Russia’s invasion of Ukraine has caused a significant hiatus in global energy markets. At the root of this disruption is the threat to Russian supplies of energy. Russia accounts for about 10% of global energy supply and its economy is heavily dependent on both the foreign exchange and the tax revenues provided by the energy sector. In 2020, for example, US$142 billion of Russia’s total exports of US$ 337 billion came from mineral fuels, which includes oil, gas, and coal. In 2021, more than 36% of Russia’s government revenue came from the energy sector.

Given Russia’s dependency on the energy sector, sanctioning its energy exports is regarded as a quick way to debilitate the country’s ability and willingness to prosecute its war in Ukraine. There’s a catch, however: trade benefits both the seller and buyer. In this case, the buyer of most significance is the European Union and specifically Germany, whose political alignment with Ukraine is compromised by its economic dependency on Russian energy.

EU energy dependency

The gamble that Putin has taken is to believe that EU energy dependency on Russia will impede western nations from acting decisively and coherently to punish and frustrate his military aggression. Indeed, although the raft of sanctions announced so far are hard hitting, a potentially crippling EU embargo on Russian energy has not been forthcoming. Instead, the EU has made clear its intention to wean itself off Russian energy over the medium term. The gamble the EU has taken is to believe that, in the face of other economic sanctions, Russia will not cut off its energy supply, which accounts for one-third of the EU’s energy imports. This has produced a short-term stand-off along the lines that game theory might suggest: an economic version of the Mutually Assured Destruction paradigm.

In the coming year, expect both the EU and Russia to reorientate their energy trade patterns to break their mutual dependency, thus giving each party more freedom of action. The party that breaks the dependency first will have the potential to impose a heavy cost on the other.

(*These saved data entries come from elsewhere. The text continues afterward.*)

lemma RS_mech_expost_IC_IR:
  assumes sos: "SOS_valuations n m k v" and am: "argmax_rule n m sel" and B: "B \<subseteq> {..<n}"
  shows "expost_IC_IR n k v (RS_mech v sel B)"
  unfolding expost_IC_IR_def
proof (intro ballI allI impI conjI)
  fix s i assume s: "s \<in> profiles n k" and i: "i < n"
  have bundles: "fst (RS_mech v sel B) r \<in> allocs B m" for r
    unfolding RS_mech_def fst_conv by (rule argmax_rule_allocs[OF am B])
  then have f: "SOS_function n k (val v i (fst (RS_mech v sel B) r i))" for r
    by (intro SOS_function_val[OF sos i]) (simp add: allocs_def)
  show "0 \<le> utility v (RS_mech v sel B) i s s"
    using SOS_function_nonneg[OF f s] by (simp add: utility_def RS_mech_def)
  fix x
  have "fst (RS_mech v sel B) (s(i := x)) i = fst (RS_mech v sel B) s i"
  proof (cases "i \<in> B")
    case True
    then have "(\<lambda>j. if j \<in> B then 0 else (s(i := x)) j) = (\<lambda>j. if j \<in> B then 0 else s j)"
      by auto
    then show ?thesis unfolding RS_mech_def fst_conv by (simp only:)
  next
    case False
    then show ?thesis using bundles[of s] bundles[of "s(i := x)"] by (simp add: allocs_def)
  qed
  then show "utility v (RS_mech v sel B) i (s(i := x)) s \<le> utility v (RS_mech v sel B) i s s"
    by (simp add: utility_def RS_mech_def)
qed

lemma set_pmf_RT: "k \<ge> 2 \<Longrightarrow> set_pmf (RT n k v sel) = RT_mech n v sel ` {1..<k}"
  by (simp add: RT_def)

The trade diversion in a global industry that accounts for US$ 1.5 trillion of global exports- the total energy sector represents 9% of total merchandized exports – will be highly disruptive to global trade.

In 2020, the EU’s total energy import dependency was 57%. While this is a decline from over 60% in 2019, it remains very significant. This dependency for energy imports is perhaps the EUs biggest vulnerability for its potential influence through economic policies. Renewable resources and nuclear energy account for most of its domestic resources, but 85% of the bloc’s natural gas and 97% of its oil supply is imported.

And despite strides in its energy transition, oil still accounts for about 34% of fuel usage throughout the bloc, while gas accounts for 24% of energy use. While the EU accounts for 11% of global energy consumption, bilateral EU-Russian energy trade accounts for only 2 to 2.5% of energy consumption worldwide.

The raw numbers suggest that an energy divorce between Russia and the EU may be manageable to engineer. In practical terms, however, several complications arise. For example, switching from Russian piped gas to liquified natural gas (LNG) requires additional infrastructure. Electricity generation capacity cannot necessarily simply switch from one source of primary energy to another.

Furthermore, the LNG market is a contact market rather than a spot market. While non-Russian sources of piped gas could fill part of the void left by Russia, the EU will have to engage in contracting long term supplies of LNG from the Middle East and elsewhere to make up the gas shortfall.

In addition, given the EU’s significant import dependency, the expansion of renewables capacity will take years. The prospects at the global level are more feasible, Renewable energy account for about 30% of energy capacity and is charting 10% growth per annum. Hence, given the relatively small size of EU-Russia energy trade as part of global consumption, an acceleration of investment could have immediate effect.

Finding alternative buyers for Russia’s energy exports is also not simple. That said, the oil market is liquid and, although not perfectly fungible, Russian oil will likely find a home somewhere in whatever quantities Russia chooses to produce. The issue is the price. Given the sanctions and embargos, Russian oil is currently trading at a 25% discount compared to market prices.

Advantage: China

Russia is likely to look east to the energy-hungry economies of Asia, and China in particular. There are two important observations here. First, it is not in China’s interests to become dependent on Russian energy. Second, China is likely to maintain a diversified basket of suppliers in order not to face the same quandary as the EU.

China’s mineral fuel imports in 2020 totalled US$ 267 billion, of which US$ 33 billion – 12% – came from Russia, its largest single supplier by value. Other major suppliers include Saudi Arabia, which supplies US$ 28 billion of fuel, followed by Australia’ with US$ 19 billion of imports, Iraq with US$ 19 billion, and Angola with US$ 14 billion. Hence, there is scope for China to increase this share to as high as 20 to 25%. This would account for about 60% of the exports that Russia currently sends to the EU, valued at US$ 60 billion at 2020 prices.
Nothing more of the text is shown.